# TGR: Jeremy Jones' DEEPER - A Snowboard Adventure Into The Unknown



## snoeboarder (Sep 19, 2008)

a

mind-blowing

body numbing

eye sweller 

they went deeper ... further ... higher


so far ...
Absinthe Films - NOWHERE and this puppy take the cake for best snowboard dvd's this fall


----------



## NWBoarder (Jan 10, 2010)

Nowhere is fantastic! So is F'It. I still haven't seen Deeper though.  But 9191 was entertaining and so was Respect Your Elders.


----------



## oldlady (Jan 11, 2010)

stoked to watch deeper!


----------



## Shocktroop531 (Aug 3, 2010)

nowhere is awesome! still haven't seen deeper. anxiously waiting to see it though.


----------



## linvillegorge (Jul 6, 2009)

Deeper is badass. It's pure freeride though. Nowhere is more well rounded, but the lines in Deeper are just HUGE


----------



## oneshot (Oct 8, 2010)

yep..
nowhere, deeper and f*ckit are my 3 fav's this yr..
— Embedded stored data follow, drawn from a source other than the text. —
lemma sum_served_le_idle_time:
  assumes \<omega>: "\<omega> \<in> space M"
  shows "(\<Sum>i<m. indicator (served i) \<omega> * (A i \<omega> - B i \<omega>)) \<le> I \<omega>"
proof (cases "N \<omega> \<le> enat m")
  case True
  then obtain K where K: "N \<omega> = enat K" "K \<le> m" by (cases "N \<omega>") auto
  have "(\<Sum>i<m. indicator (served i) \<omega> * (A i \<omega> - B i \<omega>)) = (\<Sum>i<m. if i < K then A i \<omega> - B i \<omega> else 0)"
    by (intro sum.cong refl indicator_served_mult[OF \<omega> K(1)])
  also have "\<dots> = (\<Sum>i<K. A i \<omega> - B i \<omega>)"
    using K(2) by (intro sum.mono_neutral_cong_right) auto
  also have "\<dots> = I \<omega>" using idle_time_eq_sum[OF K(1)] by simp
  finally show ?thesis by simp
next
  case False
  then have "stays_positive A B i \<omega>" if "i \<le> m" for i
    using less_busy_jobs_iff[of i A B \<omega>] that by (meson enat_ord_simps(1) le_less_trans not_le)
  then have "(\<Sum>i<m. indicator (served i) \<omega> * (A i \<omega> - B i \<omega>)) = - walk A B m \<omega>"
    using \<omega> by (simp add: walk_def sum_negf[symmetric])
  also have "\<dots> \<le> 0"
    using stays_positive_walk_nonneg[of A B m \<omega>] \<open>\<And>i. i \<le> m \<Longrightarrow> _\<close> by simp
  also have "\<dots> \<le> I \<omega>" by (rule idle_time_nonneg)
  finally show ?thesis .
qed
(* Let $G_n$ be probability distributions on $\mathbb{R}$ with densities $g_n$, let $\ell_n=\log\frac{g_n}{\varphi}$ with $\varphi$ the standard normal density, and suppose that for some measurable $\alpha:\mathbb{R}\to\mathbb{R}$, $$\lim_{n\to\infty}\frac{\ell_n(u\sqrt{2\log n})}{\log n}=\alpha(u)$$ uniformly in $u\in\mathbb{R}$. Then $$\lim_{t\to\infty}\frac1t\log\int_{\mathbb{R}}\exp\big(t(\alpha(u)-u^2)\big)\,du=0.$$ In particular, $\alpha(u)\le u^2$ for Lebesgue-almost every $u$. Conversely, for every measurable $\alpha$ satisfying the displayed limit relation for the integral, there exists a sequence of distributions $\{G_n\}$ with densities such that the uniform convergence above holds. Additionally, if $G_n=P_n*\mathcal{N}(0,1)$ for some probability distributions $P_n$ (convolutional model), then $\alpha$ is convex.
   Context: $*$ denotes convolution of distributions. Uniform convergence means $\sup_{u\in\mathbb{R}}\big|\frac{\ell_n(u\sqrt{2\log n})}{\log n}-\alpha(u)\big|\to0$. *)

theory Defs
  imports "HOL-Probability.Probability"
begin

definition is_prob_density :: "(real \<Rightarrow> real) \<Rightarrow> bool" where
  "is_prob_density g \<longleftrightarrow> g \<in> borel_measurable borel \<and> (\<forall>x. 0 \<le> g x) \<and>
     (\<integral>\<^sup>+ x. ennreal (g x) \<partial>lborel) = 1"

definition llr :: "(real \<Rightarrow> real) \<Rightarrow> real \<Rightarrow> real" where
  "llr g x = ln (g x / std_normal_density x)"

text \<open>Uniform convergence sup_u | l_n(u sqrt(2 log n)) / log n - alpha u | \<longrightarrow> 0.
  Positivity of g_n at the evaluation points is required, since l_n must be finite
  (log 0 = -infinity would make the supremum infinite).\<close>
definition unif_conv :: "(nat \<Rightarrow> real \<Rightarrow> real) \<Rightarrow> (real \<Rightarrow> real) \<Rightarrow> bool" where
  "unif_conv g \<alpha> \<longleftrightarrow> (\<forall>\<epsilon>>0. \<forall>\<^sub>F n in sequentially. \<forall>u::real.
      g n (u * sqrt (2 * ln (real n))) > 0 \<and>
      \<bar>llr (g n) (u * sqrt (2 * ln (real n))) / ln (real n) - \<alpha> u\<bar> < \<epsilon>)"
the edit and special effects in f*ck it are super rad.

deeper was a cool documentary really..

nowhere best all around


----------



## NWBoarder (Jan 10, 2010)

Hey Oneshot, if you like the editing in F'It, you should check out 9191 if you haven't yet. The editing in that movie is beyond rad!


----------



## rephreshed (Aug 21, 2010)

NWBoarder28 said:


> Hey Oneshot, if you like the editing in F'It, you should check out 9191 if you haven't yet. The editing in that movie is beyond rad!


it's a well done movie but how can you think the ending was stellar? i felt like i was missing something and that it shouldn't have just ended the way it did.


----------



## KIRKRIDER (Mar 18, 2008)

rephreshed said:


> it's a well done movie but how can you think the ending was stellar? i felt like i was missing something and that it shouldn't have just ended the way it did.


Liked it..but I agree...it's not the best ever. The top for me is still "First Descent" for freeride.


----------



## linvillegorge (Jul 6, 2009)

pawlo said:


> Liked it..but I agree...it's not the best ever. The top for me is still "First Descent" for freeride.


I actually liked "Deeper" over "First Descent", but both were fantastic.

As far as overall goes, the title says it all, "That's It, That's All".


----------



## oneshot (Oct 8, 2010)

NWBoarder28 said:


> Hey Oneshot, if you like the editing in F'It, you should check out 9191 if you haven't yet. The editing in that movie is beyond rad!


rad thanks! i am looking to see that one too..

thats a fun crew those film guys.


----------



## Shocktroop531 (Aug 3, 2010)

that's it that's all is the grandaddy of all snowboarding movies. watch it in hd or on blu ray and it is just absolutely mind blowing. changed my life. i can't wait until the next brain farm production comes out. should be next year


----------



## NWBoarder (Jan 10, 2010)

rephreshed said:


> it's a well done movie but how can you think the ending was stellar? i felt like i was missing something and that it shouldn't have just ended the way it did.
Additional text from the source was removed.